Later, I sat in a modest wooden house, on one of the homogeneous streets of wooden houses in Kirkenes, which ended in a small park. I was drinking coffee with a middle-aged Norwegian woman. Her house was mostly pink, the walls were pink, and the frills on the cushions; the shelves were covered with ugly china, the sorts of ornaments that appeared at village fête stalls and would be packed into boxes at the end of the day again, unbought. But she had bought in bulk.
She was Gunvor, and she was wearing pink, with her grey-blond hair scraped into a bun. She had a firm handshake, but she had welcomed me with a veiled expression. I understood why. Gunvor was the leftover debris of World War Two, the leftover debris of the Aryan obsession, Quisling’s regeneration of the Nordic race, Himmler’s blond-lust. Gunvor was called a krigsbarn by her countrypeople, a war child. She had been called worse; she was called names throughout her childhood—half-breed, misfit, outsider—and her mother was sometimes called a German whore. There were thousands of children like Gunvor, maybe as many as ten thousand in Norway, and thousands in other occupied countries, but this still didn’t make the Norwegian authorities inclined to favour them after the war.

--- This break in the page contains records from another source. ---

lemma bracket_plus_J_bracket_J_mem_J_hull:
  assumes "u \<in> J_hull (lcs br k)"
  shows "br x u + J (br (J x) u) \<in> J_hull (lcs br (Suc k))"
proof -
  obtain p q where u: "u = p + J q" and pq: "p \<in> lcs br k" "q \<in> lcs br k"
    using assms by (auto simp: J_hull_def)
  have "br x u + J (br (J x) u) = (br x p - br (J x) q) + J (br (J x) p + br x q)"
    unfolding u using integrable[of x q] by (simp add: bracket_simps J_simps algebra_simps)
  moreover have "br x p - br (J x) q \<in> lcs br (Suc k)" "br (J x) p + br x q \<in> lcs br (Suc k)"
    using pq by (auto intro!: subspace_diff[OF subspace_lcs] subspace_add[OF subspace_lcs]
        bracket_mem_lcs_Suc)
  ultimately show ?thesis
    unfolding J_hull_def by blast
qed

end

locale nilpotent_6_b1_2 = complex_lie_algebra +
  assumes nilpotent: "nilpotent_lie br"
    and DIM_6: "DIM('a) = 6"
    and dim_lcs_1: "dim (lcs br 1) = 4"
begin

lemma lcs_1_J_invariant: "J ` lcs br 1 \<subseteq> lcs br 1"
proof -
  have "dim (J_hull (lcs br 1)) + 2 \<le> dim (UNIV :: 'a set)"
    using J_hull_lcs_1_neq_UNIV[OF nilpotent]
    by (intro dim_J_invariant_psubset subspace_J_hull subspace_lcs)
      (auto intro: J_mem_J_hull subspace_lcs)
  then have "lcs br 1 = J_hull (lcs br 1)"
    using dim_lcs_1 DIM_6
    by (intro subspace_dim_equal subspace_lcs subspace_J_hull subset_J_hull) (auto simp: dim_UNIV)
  then show ?thesis
    using J_mem_J_hull[OF subspace_lcs[of br 1]] by blast
qed

lemma lcs_1_neq_UNIV: "lcs br 1 \<noteq> UNIV"
  using dim_lcs_1 DIM_6 by (auto simp: dim_UNIV)

end

locale nilpotent_6_b1_2_generator = nilpotent_6_b1_2 +
  fixes X :: 'a
  assumes X_notin: "X \<notin> lcs br 1"
begin

abbreviation "Y \<equiv> J X"
abbreviation "Z \<equiv> br X Y"
abbreviation "A \<equiv> br X Z"
abbreviation "B \<equiv> br Y Z"

lemma span_X_Y_lcs_1: "span ({X, Y} \<union> lcs br 1) = UNIV"
proof -
  have "dim (insert Y (insert X (lcs br 1))) = DIM('a)"
    using dim_insert_J_insert[OF subspace_lcs lcs_1_J_invariant X_notin] dim_lcs_1 DIM_6 by simp
  then show ?thesis
    by (simp add: dim_eq_full insert_commute)
qed

lemma lcs_1_subset_span: "lcs br 1 \<subseteq> span (insert Z (lcs br 2))"
proof -
  have "br a b \<in> span (insert Z (lcs br 2))" if "a \<in> {X, Y}" "b \<in> {X, Y}" for a b
    using that bracket_antisym[of Y X] by (auto intro: span_base span_neg[OF span_base] span_zero)
  moreover have "lcs br 2 \<subseteq> span (insert Z (lcs br 2))"
    by (auto intro: span_base)
  ultimately show ?thesis
    using lcs_Suc_subset_by_generators[where k = 0 and H = "{X, Y}", OF span_X_Y_lcs_1]
      span_X_Y_lcs_1 by (simp add: eval_nat_numeral)
qed

lemma dim_lcs_2: "dim (lcs br 2) = 3"
proof -
  have "dim (lcs br 1) \<le> dim (insert Z (lcs br 2))"
    using dim_subset[OF lcs_1_subset_span] by (simp only: dim_span)
  then have "3 \<le> dim (lcs br 2)"
    using dim_insert_le[of Z "lcs br 2"] dim_lcs_1 by linarith
  moreover have "lcs br 1 \<noteq> {0}"
    using dim_lcs_1 by (metis dim_singleton zero_neq_numeral)
  then have "dim (lcs br 2) < dim (lcs br 1)"
    using dim_lcs_Suc_less[OF nilpotent, of 1] by (simp add: eval_nat_numeral)
  ultimately show ?thesis
    using dim_lcs_1 by linarith
qed

lemma J_hull_lcs_2: "J_hull (lcs br 2) = lcs br 1"
proof (rule ccontr)
  have sub: "J_hull (lcs br 2) \<subseteq> lcs br 1"
    using lcs_Suc_subset[of br 1]
    by (intro J_hull_subset subspace_lcs lcs_1_J_invariant) (simp add: eval_nat_numeral)
  assume "J_hull (lcs br 2) \<noteq> lcs br 1"
  then have "dim (J_hull (lcs br 2)) + 2 \<le> dim (lcs br 1)"
    using sub by (intro dim_J_invariant_psubset subspace_J_hull subspace_lcs lcs_1_J_invariant)
      (auto intro: J_mem_J_hull subspace_lcs)
  moreover have "dim (lcs br 2) \<le> dim (J_hull (lcs br 2))"
    by (intro dim_subset subset_J_hull subspace_lcs)
  ultimately show False
    using dim_lcs_1 dim_lcs_2 by simp
qed

lemma lcs_2_subset_span: "lcs br 2 \<subseteq> span (insert A (insert B (lcs br 3)))"
proof -
  have "br a b \<in> span (insert A (insert B (lcs br 3)))" if "a \<in> {X, Y}" "b \<in> {Z}" for a b
    using that by (auto intro: span_base)
  moreover have "lcs br 3 \<subseteq> span (insert A (insert B (lcs br 3)))"
    by (auto intro: span_base)
  ultimately show ?thesis
    using lcs_Suc_subset_by_generators[where k = 1 and H = "{Z}", OF span_X_Y_lcs_1] lcs_1_subset_span
    by (simp add: eval_nat_numeral)
qed

lemma bracket_X_B: "br X B = br Y A"
  using jacobi[of X Y Z] bracket_antisym[of Z X] by (simp add: bracket_simps)

lemma lcs_3_subset_span:
  "lcs br 3 \<subseteq> span (insert (br X A) (insert (br Y A) (insert (br Y B) (lcs br 4))))"
  (is "_ \<subseteq> span ?S")
proof -
  have "br a b \<in> span ?S" if "a \<in> {X, Y}" "b \<in> {A, B}" for a b
    using that bracket_X_B by (auto intro: span_base)
  moreover have "lcs br 4 \<subseteq> span ?S"
    by (auto intro: span_base)
  ultimately show ?thesis
    using lcs_Suc_subset_by_generators[where k = 2 and H = "{A, B}", OF span_X_Y_lcs_1] lcs_2_subset_span
    by (simp add: eval_nat_numeral)
qed

lemma A_plus_J_B_mem_J_hull_lcs_3: "A + J B \<in> J_hull (lcs br 3)"
  using bracket_plus_J_bracket_J_mem_J_hull[of Z 2 X] J_hull_lcs_2 bracket_mem_lcs_1[of br X Y] by simp

lemma relation_mem_J_hull_lcs_4: "br X A - br Y B + 2 *\<^sub>R J (br Y A) \<in> J_hull (lcs br 4)"
proof -
  have "br X (A + J B) + J (br Y (A + J B)) = br X A - br Y B + 2 *\<^sub>R J (br Y A)"
    using integrable[of X B] bracket_X_B by (simp add: bracket_simps J_simps algebra_simps scaleR_2)
  then show ?thesis
    using bracket_plus_J_bracket_J_mem_J_hull[OF A_plus_J_B_mem_J_hull_lcs_3, of X] by simp
qed

lemma A_B_mem_lcs_2: "A \<in> lcs br 2" "B \<in> lcs br 2"
  using bracket_mem_lcs_Suc[OF bracket_mem_lcs_1] by (simp_all add: numeral_2_eq_2)

lemma dim_lcs_3_cases: "dim (lcs br 3) = 1 \<or> dim (lcs br 3) = 2"
proof -
  have "dim (lcs br 2) \<le> dim (insert A (insert B (lcs br 3)))"
    using dim_subset[OF lcs_2_subset_span] by (simp only: dim_span)
  then have "1 \<le> dim (lcs br 3)"
    using dim_insert_le[of A "insert B (lcs br 3)"] dim_insert_le[of B "lcs br 3"] dim_lcs_2 by linarith
  moreover have "lcs br 2 \<noteq> {0}"
    using dim_lcs_2 by (metis dim_singleton zero_neq_numeral)
  then have "dim (lcs br 3) < dim (lcs br 2)"
    using dim_lcs_Suc_less[OF nilpotent, of 2] by (simp add: eval_nat_numeral)
  ultimately show ?thesis
    using dim_lcs_2 by linarith
qed
lemma pmf_Omega_pur_rejects_within_le:
  fixes c :: real
  assumes n: "n \<ge> 1" and m: "real m \<le> c * 2 ^ n"
  shows "pmf (bind_pmf (Omega n m) (pur_rejects_within k)) True
           \<le> (\<Sum>j=1..k. 2 ^ (j * j) * 2 ^ j * c ^ (j + 1)) / n"
proof -
  define E where "E w = {\<Phi>. witness_clauses w \<subseteq> set \<Phi>}" for w
  have "0 \<le> c * 2 ^ n"
    using m by (rule order_trans[OF of_nat_0_le_iff])
  then have "0 \<le> c"
    by (metis zero_le_mult_iff zero_less_numeral zero_less_power not_le)
  have density: "real m / (real n * 2 ^ n) \<le> c / n"
    using m n by (simp add: field_simps)
  have "pmf (bind_pmf (Omega n m) (pur_rejects_within k)) True
      \<le> measure_pmf.prob (Omega n m) (\<Union>j\<in>{1..k}. \<Union>w\<in>witness_params n j. E w)"
    using pur_rejects_within_imp_witness set_pmf_Omega[OF n]
    by (intro pmf_bind_True_le) (fastforce simp: E_def)
  also have "\<dots> \<le> (\<Sum>j=1..k. \<Sum>w\<in>witness_params n j. measure_pmf.prob (Omega n m) (E w))"
    using finite_witness_params
    by (intro order_trans[OF measure_pmf.finite_measure_subadditive_finite] sum_mono
        measure_pmf.finite_measure_subadditive_finite) auto
  also have "\<dots> \<le> (\<Sum>j=1..k. \<Sum>w\<in>witness_params n j. (c / n) ^ (j + 1))"
  proof (intro sum_mono)
    fix j w assume "w \<in> witness_params n j"
    then have "measure_pmf.prob (Omega n m) (E w) \<le> (real m / (real n * 2 ^ n)) ^ (j + 1)"
      unfolding E_def by (rule measure_Omega_contains_witness_le[OF n])
    also have "\<dots> \<le> (c / n) ^ (j + 1)"
      by (intro power_mono density) simp
    finally show "measure_pmf.prob (Omega n m) (E w) \<le> (c / n) ^ (j + 1)" .
  qed
  also have "\<dots> \<le> (\<Sum>j=1..k. 2 ^ (j * j) * 2 ^ j * c ^ (j + 1) / n)"
  proof (intro sum_mono)
    fix j
    have "(\<Sum>w\<in>witness_params n j. (c / n) ^ (j + 1))
        = 2 ^ (j * j) * 2 ^ j * (real (n choose j) * (c / n) ^ (j + 1))"
      by (simp add: card_witness_params)
    also have "\<dots> \<le> 2 ^ (j * j) * 2 ^ j * (c ^ (j + 1) / n)"
      using binomial_mult_power_div_le[OF n \<open>0 \<le> c\<close>] by (rule mult_left_mono) simp
    finally show "(\<Sum>w\<in>witness_params n j. (c / n) ^ (j + 1)) \<le> 2 ^ (j * j) * 2 ^ j * c ^ (j + 1) / n"
      by simp
  qed
  also have "\<dots> = (\<Sum>j=1..k. 2 ^ (j * j) * 2 ^ j * c ^ (j + 1)) / n"
    by (simp add: sum_divide_distrib)
  finally show ?thesis .
qed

During the war, Himmler’s Lebensborn homes were established in Norway, and Hitler issued an order for ‘the advancement of racially valuable German inheritance’ by supplying care and provision for the children of German soldiers born to Norwegian and Dutch women. SS men could sleep with local women, without the fear of having to provide for the child: if the union resulted in a pregnancy, then the services of the Lebensborn homes were available, or the child could be taken back to Germany and supplied with foster parents. Some said these homes were breeding centres; neighbours imagined rooms of ‘Aryan’ seductresses, waiting for their next soldier. More likely, they were kept in line with Nazi faux-morality, overseeing the births of ‘Aryan’ children.